The following is a guest post by contributing author Trevor Millar of MAPS Canada and Liberty Root Therapy

“Uh oh,” I thought.

This was over two years ago when I’d been invited to a hip Howe Street corner office in Vancouver’s financial district, where a guy who had made some good money on the speculation of so-called Canadian pot stocks had just finished telling me, while smoking a cigarette out a window, “We think psychedelics are the next cannabis!

I was invited to the meeting because I am Board Chair of the Multidisciplinary Disciplinary Association of Psychedelic Studies (MAPS) Canada position I was appointed to after years of working with an anti-addictive psychoactive plant medicine called ibogaine through my company Liberty Root Therapy Ltd., which was operational from 2012 to 2017 while it was still legal to work with this substance in Canada. I’ve got a relatively rare vantage point of having been professionally and legally involved in working with psychedelics, while eyeballing the space, for around ten years.

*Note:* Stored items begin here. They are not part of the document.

lemma tedges_TQ:
  assumes "wf_circ Q"
  shows "tedges (TQ Q x) = Pair False ` all_wires Q \<union> Pair True ` insert (cans Q) (inner_wires Q)"
proof -
  let ?F = "set (cout Q) - {cans Q}"
  have "?F \<subseteq> all_wires Q" "all_wires Q - ?F = insert (cans Q) (inner_wires Q)"
    using assms wf_circ_cout_subset by (auto simp: wf_circ_def inner_wires_def)
  moreover have "e2 Q ` all_wires Q = Pair False ` (all_wires Q \<inter> ?F) \<union> Pair True ` (all_wires Q - ?F)"
    unfolding e2_def by auto
  moreover have "tedges (TQ Q x) = Pair False ` all_wires Q \<union> e2 Q ` all_wires Q"
    by (simp add: TQ_def)
  ultimately show ?thesis
    by (simp add: Int_absorb1) blast
qed

lemma prod_tverts_TQ:
  "(\<Prod>v\<in>tverts (TQ Q x). f v) =
    (\<Prod>j<length (cgates Q). f (GateV False j)) * (\<Prod>j<length (cgates Q). f (GateV True j)) * f ProjV *
    (\<Prod>i<length (cin Q). f (InV i)) * (\<Prod>i<length (cin Q). f (OutV i))"
proof -
  let ?G = "GateV False ` {..<length (cgates Q)}" and ?G' = "GateV True ` {..<length (cgates Q)}"
    and ?In = "InV ` {..<length (cin Q)}" and ?Out = "OutV ` {..<length (cin Q)}"
  have "{GateV c j | c j. j < length (cgates Q)} = ?G \<union> ?G'"
    by auto
  then have "tverts (TQ Q x) = ?G \<union> ?G' \<union> {ProjV} \<union> ?In \<union> ?Out"
    by (auto simp: TQ_def)
  moreover have "?G \<inter> ?G' = {}" "(?G \<union> ?G') \<inter> {ProjV} = {}" "(?G \<union> ?G' \<union> {ProjV}) \<inter> ?In = {}"
    "(?G \<union> ?G' \<union> {ProjV} \<union> ?In) \<inter> ?Out = {}"
    by auto
  ultimately have "prod f (tverts (TQ Q x)) = prod f ?G * prod f ?G' * prod f {ProjV} * prod f ?In * prod f ?Out"
    by (simp only: prod.union_disjoint finite_Un finite_imageI finite_lessThan finite.intros simp_thms)
  then show ?thesis
    by (simp add: prod.reindex inj_on_def)
qed

lemma prod_tten_TQ:
  assumes "wf_circ Q" "length x = length (cin Q)"
    and first: "\<And>w. w \<in> all_wires Q \<Longrightarrow> e (False, w) = l w"
    and flipped: "\<And>w. w \<in> all_wires Q \<Longrightarrow> e (e2 Q w) = l' w"
  shows "(\<Prod>v\<in>tverts (TQ Q x). tten (TQ Q x) v (map e (tinc (TQ Q x) v))) =
    path_amplitude Q x l * cnj (path_amplitude Q x l') * of_bool (\<not> l (cans Q) \<and> \<not> l' (cans Q))"
proof -
  define gs n where "gs = cgates Q" and "n = length (cin Q)"
  let ?f = "\<lambda>v. tten (TQ Q x) v (map e (tinc (TQ Q x) v))"
  have gate_wires: "set (gin (gs ! j)) \<subseteq> all_wires Q" "set (gout (gs ! j)) \<subseteq> all_wires Q"
    if "j < length gs" for j
    using wf_circ_gate_wires[OF assms(1), of "gs ! j"] that by (auto simp: gs_def)
  have in_wire: "cin Q ! i \<in> all_wires Q" if "i < n" for i
    using that by (simp add: all_wires_def n_def)
  have ans_wire: "cans Q \<in> all_wires Q" "e2 Q (cans Q) = (True, cans Q)"
    using assms(1) wf_circ_cout_subset by (auto simp: wf_circ_def e2_def)
  have gate_tensor: "?f (GateV False j) = gmat (gs ! j) (map l (gout (gs ! j))) (map l (gin (gs ! j)))"
    if "j < length gs" for j
    using gate_wires[OF that] first by (simp add: TQ_def Let_def gs_def subset_iff cong: map_cong)
  have adjoint_tensor: "?f (GateV True j) = cnj (gmat (gs ! j) (map l' (gout (gs ! j))) (map l' (gin (gs ! j))))"
    if "j < length gs" for j
    using gate_wires[OF that] flipped by (simp add: TQ_def Let_def gs_def subset_iff cong: map_cong)
  have proj_tensor: "?f ProjV = of_bool (\<not> l (cans Q) \<and> \<not> l' (cans Q))"
    using ans_wire first flipped[of "cans Q"] by (simp add: TQ_def)
  have input_tensor: "?f (InV i) = of_bool (l (cin Q ! i) = x ! i)" if "i < n" for i
    using in_wire[OF that] first by (simp add: TQ_def)
  have output_tensor: "?f (OutV i) = of_bool (l' (cin Q ! i) = x ! i)" if "i < n" for i
    using in_wire[OF that] flipped by (simp add: TQ_def)
  have inputs_match: "(\<Prod>i<n. of_bool (k (cin Q ! i) = x ! i)) = (of_bool (map k (cin Q) = x) :: complex)" for k
    using assms(2) by (auto simp: prod_of_bool list_eq_iff_nth_eq n_def)
  have "(\<Prod>v\<in>tverts (TQ Q x). ?f v) = (\<Prod>j<length gs. ?f (GateV False j)) *
      (\<Prod>j<length gs. ?f (GateV True j)) * ?f ProjV * (\<Prod>i<n. ?f (InV i)) * (\<Prod>i<n. ?f (OutV i))"
    unfolding gs_def n_def by (rule prod_tverts_TQ)
  also have "\<dots> = path_weight gs l * cnj (path_weight gs l') * of_bool (\<not> l (cans Q) \<and> \<not> l' (cans Q)) *
      of_bool (map l (cin Q) = x) * of_bool (map l' (cin Q) = x)"
    by (simp add: gate_tensor adjoint_tensor proj_tensor input_tensor output_tensor
        path_weight_conv_nth flip: inputs_match)
  finally show ?thesis
    by (simp add: path_amplitude_def gs_def ac_simps)
qed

I’ve since had plenty of time to consider whether or not psychedelics are, in fact, “the next cannabis”, and I think it’s important to first acknowledge that even the cannabis market has fallen short of expectations. Well-timed speculators and insiders made a killing on cannabis stocks as they hit the public market, but then reality set in, and as of today many Canadian cannabis companies are reporting dire numbers.

Do I think there will be a chance to make money off a frenzy of FOMO as newly ordained psychedelic enterprises hit Canadian stock exchanges? If you time it right, or are an insider, probably.

Will the long-term value match the price the madness of crowds will be willing to pay until it’s peaked? Not for quite some time, if ever, on most offerings, is my bet. At least, it’s an entirely different business model. Here’s why.

Psychedelics are not generally used chronically. Instead, scientific studies have shown them to have largely anti-addictive qualities, which works against the desire for returning customers. Healing a person so they don’t need your products again isn’t great for a thirsty bottom line, even though it’s obviously the right thing to do.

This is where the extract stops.